---------- Data for this exercise ----------

lemma tree_seq_equivalence_restrict_iff:
  "tree_seq_equivalence Q (\<lambda>x y. x \<in> Q \<and> y \<in> Q \<and> le x y) f g \<longleftrightarrow> tree_seq_equivalence Q le f g"
proof -
  have tree: "tree_le (\<lambda>x y. x \<in> Q \<and> y \<in> Q \<and> le x y) s t \<longleftrightarrow> tree_le le s t"
    if "s \<in> Tf Q" "t \<in> Tf Q" for s t
    using that tree_le_restrict tree_le_mono[of "\<lambda>x y. x \<in> Q \<and> y \<in> Q \<and> le x y" s t le]
    unfolding Tf_def by blast
  have seq: "seq_le (\<lambda>x y. x \<in> Q \<and> y \<in> Q \<and> le x y) a b \<longleftrightarrow> seq_le le a b"
    if "a \<in> iF Q le" "b \<in> iF Q le" for a b
    using that by (intro seq_le_restrict_iff iF_values)
  show ?thesis
    unfolding tree_seq_equivalence_def iF_restrict
  proof (intro conj_cong refl)
    assume f_in: "f \<in> Tf Q \<rightarrow> iF Q le" and g_in: "g \<in> iF Q le \<rightarrow> Tf Q"
    have f: "f t \<in> iF Q le" if "t \<in> Tf Q" for t using f_in that by auto
    have g: "g a \<in> Tf Q" if "a \<in> iF Q le" for a using g_in that by auto
    show "(\<forall>s\<in>Tf Q. \<forall>t\<in>Tf Q. tree_le (\<lambda>x y. x \<in> Q \<and> y \<in> Q \<and> le x y) s t \<longleftrightarrow>
        seq_le (\<lambda>x y. x \<in> Q \<and> y \<in> Q \<and> le x y) (f s) (f t)) \<longleftrightarrow>
      (\<forall>s\<in>Tf Q. \<forall>t\<in>Tf Q. tree_le le s t \<longleftrightarrow> seq_le le (f s) (f t))"
      by (simp add: tree seq f)
    show "(\<forall>a\<in>iF Q le. \<forall>b\<in>iF Q le. seq_le (\<lambda>x y. x \<in> Q \<and> y \<in> Q \<and> le x y) a b \<longleftrightarrow>
        tree_le (\<lambda>x y. x \<in> Q \<and> y \<in> Q \<and> le x y) (g a) (g b)) \<longleftrightarrow>
      (\<forall>a\<in>iF Q le. \<forall>b\<in>iF Q le. seq_le le a b \<longleftrightarrow> tree_le le (g a) (g b))"
      by (simp add: tree seq g)
    show "(\<forall>t\<in>Tf Q. tree_le (\<lambda>x y. x \<in> Q \<and> y \<in> Q \<and> le x y) (g (f t)) t \<and>
        tree_le (\<lambda>x y. x \<in> Q \<and> y \<in> Q \<and> le x y) t (g (f t))) \<longleftrightarrow>
      (\<forall>t\<in>Tf Q. tree_le le (g (f t)) t \<and> tree_le le t (g (f t)))"
      by (simp add: tree f g)
    show "(\<forall>a\<in>iF Q le. seq_le (\<lambda>x y. x \<in> Q \<and> y \<in> Q \<and> le x y) (f (g a)) a \<and>
        seq_le (\<lambda>x y. x \<in> Q \<and> y \<in> Q \<and> le x y) a (f (g a))) \<longleftrightarrow>
      (\<forall>a\<in>iF Q le. seq_le le (f (g a)) a \<and> seq_le le a (f (g a)))"
      by (simp add: seq f g)
  qed
qed

lemma qo_on_restrict:
  assumes "\<forall>x\<in>Q. le x x" and "\<forall>x\<in>Q. \<forall>y\<in>Q. \<forall>z\<in>Q. le x y \<longrightarrow> le y z \<longrightarrow> le x z"
  shows "qo_on Q (\<lambda>x y. x \<in> Q \<and> y \<in> Q \<and> le x y)"
  using assms by unfold_locales blast+

theorem theorem4p26:
  fixes Q :: "'q set" and le :: "'q \<Rightarrow> 'q \<Rightarrow> bool"
  assumes nonempty: "Q \<noteq> {}"
    and refl: "\<forall>x\<in>Q. le x x"
    and trans: "\<forall>x\<in>Q. \<forall>y\<in>Q. \<forall>z\<in>Q. le x y \<longrightarrow> le y z \<longrightarrow> le x z"
  shows "\<exists>f g. f \<in> Tf Q \<rightarrow> iF Q le \<and> g \<in> iF Q le \<rightarrow> Tf Q \<and>
           (\<forall>s\<in>Tf Q. \<forall>t\<in>Tf Q. tree_le le s t \<longleftrightarrow> seq_le le (f s) (f t)) \<and>
           (\<forall>a\<in>iF Q le. \<forall>b\<in>iF Q le. seq_le le a b \<longleftrightarrow> tree_le le (g a) (g b)) \<and>
           (\<forall>t\<in>Tf Q. tree_le le (g (f t)) t \<and> tree_le le t (g (f t))) \<and>
           (\<forall>a\<in>iF Q le. seq_le le (f (g a)) a \<and> seq_le le a (f (g a)))"
proof -
  interpret qo_on Q "\<lambda>x y. x \<in> Q \<and> y \<in> Q \<and> le x y"
    using refl trans by (rule qo_on_restrict)
  obtain f g where "tree_seq_equivalence Q (\<lambda>x y. x \<in> Q \<and> y \<in> Q \<and> le x y) f g"
    using trees_equiv_sequences by blast
  then show ?thesis unfolding tree_seq_equivalence_restrict_iff tree_seq_equivalence_def by blast
qed

end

----------

» **What is needed**
Take the material above and set it down again exactly.

» **Exercise response**
lemma tree_seq_equivalence_restrict_iff:
  "tree_seq_equivalence Q (\<lambda>x y. x \<in> Q \<and> y \<in> Q \<and> le x y) f g \<longleftrightarrow> tree_seq_equivalence Q le f g"
proof -
  have tree: "tree_le (\<lambda>x y. x \<in> Q \<and> y \<in> Q \<and> le x y) s t \<longleftrightarrow> tree_le le s t"
    if "s \<in> Tf Q" "t \<in> Tf Q" for s t
    using that tree_le_restrict tree_le_mono[of "\<lambda>x y. x \<in> Q \<and> y \<in> Q \<and> le x y" s t le]
    unfolding Tf_def by blast
  have seq: "seq_le (\<lambda>x y. x \<in> Q \<and> y \<in> Q \<and> le x y) a b \<longleftrightarrow> seq_le le a b"
    if "a \<in> iF Q le" "b \<in> iF Q le" for a b
    using that by (intro seq_le_restrict_iff iF_values)
  show ?thesis
    unfolding tree_seq_equivalence_def iF_restrict
  proof (intro conj_cong refl)
    assume f_in: "f \<in> Tf Q \<rightarrow> iF Q le" and g_in: "g \<in> iF Q le \<rightarrow> Tf Q"
    have f: "f t \<in> iF Q le" if "t \<in> Tf Q" for t using f_in that by auto
    have g: "g a \<in> Tf Q" if "a \<in> iF Q le" for a using g_in that by auto
    show "(\<forall>s\<in>Tf Q. \<forall>t\<in>Tf Q. tree_le (\<lambda>x y. x \<in> Q \<and> y \<in> Q \<and> le x y) s t \<longleftrightarrow>
        seq_le (\<lambda>x y. x \<in> Q \<and> y \<in> Q \<and> le x y) (f s) (f t)) \<longleftrightarrow>
      (\<forall>s\<in>Tf Q. \<forall>t\<in>Tf Q. tree_le le s t \<longleftrightarrow> seq_le le (f s) (f t))"
      by (simp add: tree seq f)
    show "(\<forall>a\<in>iF Q le. \<forall>b\<in>iF Q le. seq_le (\<lambda>x y. x \<in> Q \<and> y \<in> Q \<and> le x y) a b \<longleftrightarrow>
        tree_le (\<lambda>x y. x \<in> Q \<and> y \<in> Q \<and> le x y) (g a) (g b)) \<longleftrightarrow>
      (\<forall>a\<in>iF Q le. \<forall>b\<in>iF Q le. seq_le le a b \<longleftrightarrow> tree_le le (g a) (g b))"
      by (simp add: tree seq g)
    show "(\<forall>t\<in>Tf Q. tree_le (\<lambda>x y. x \<in> Q \<and> y \<in> Q \<and> le x y) (g (f t)) t \<and>
        tree_le (\<lambda>x y. x \<in> Q \<and> y \<in> Q \<and> le x y) t (g (f t))) \<longleftrightarrow>
      (\<forall>t\<in>Tf Q. tree_le le (g (f t)) t \<and> tree_le le t (g (f t)))"
      by (simp add: tree f g)
    show "(\<forall>a\<in>iF Q le. seq_le (\<lambda>x y. x \<in> Q \<and> y \<in> Q \<and> le x y) (f (g a)) a \<and>
        seq_le (\<lambda>x y. x \<in> Q \<and> y \<in> Q \<and> le x y) a (f (g a))) \<longleftrightarrow>
      (\<forall>a\<in>iF Q le. seq_le le (f (g a)) a \<and> seq_le le a (f (g a)))"
      by (simp add: seq f g)
  qed
qed

lemma qo_on_restrict:
  assumes "\<forall>x\<in>Q. le x x" and "\<forall>x\<in>Q. \<forall>y\<in>Q. \<forall>z\<in>Q. le x y \<longrightarrow> le y z \<longrightarrow> le x z"
  shows "qo_on Q (\<lambda>x y. x \<in> Q \<and> y \<in> Q \<and> le x y)"
  using assms by unfold_locales blast+

theorem theorem4p26:
  fixes Q :: "'q set" and le :: "'q \<Rightarrow> 'q \<Rightarrow> bool"
  assumes nonempty: "Q \<noteq> {}"
    and refl: "\<forall>x\<in>Q. le x x"
    and trans: "\<forall>x\<in>Q. \<forall>y\<in>Q. \<forall>z\<in>Q. le x y \<longrightarrow> le y z \<longrightarrow> le x z"
  shows "\<exists>f g. f \<in> Tf Q \<rightarrow> iF Q le \<and> g \<in> iF Q le \<rightarrow> Tf Q \<and>
           (\<forall>s\<in>Tf Q. \<forall>t\<in>Tf Q. tree_le le s t \<longleftrightarrow> seq_le le (f s) (f t)) \<and>
           (\<forall>a\<in>iF Q le. \<forall>b\<in>iF Q le. seq_le le a b \<longleftrightarrow> tree_le le (g a) (g b)) \<and>
           (\<forall>t\<in>Tf Q. tree_le le (g (f t)) t \<and> tree_le le t (g (f t))) \<and>
           (\<forall>a\<in>iF Q le. seq_le le (f (g a)) a \<and> seq_le le a (f (g a)))"
proof -
  interpret qo_on Q "\<lambda>x y. x \<in> Q \<and> y \<in> Q \<and> le x y"
    using refl trans by (rule qo_on_restrict)
  obtain f g where "tree_seq_equivalence Q (\<lambda>x y. x \<in> Q \<and> y \<in> Q \<and> le x y) f g"
    using trees_equiv_sequences by blast
  then show ?thesis unfolding tree_seq_equivalence_restrict_iff tree_seq_equivalence_def by blast
qed

end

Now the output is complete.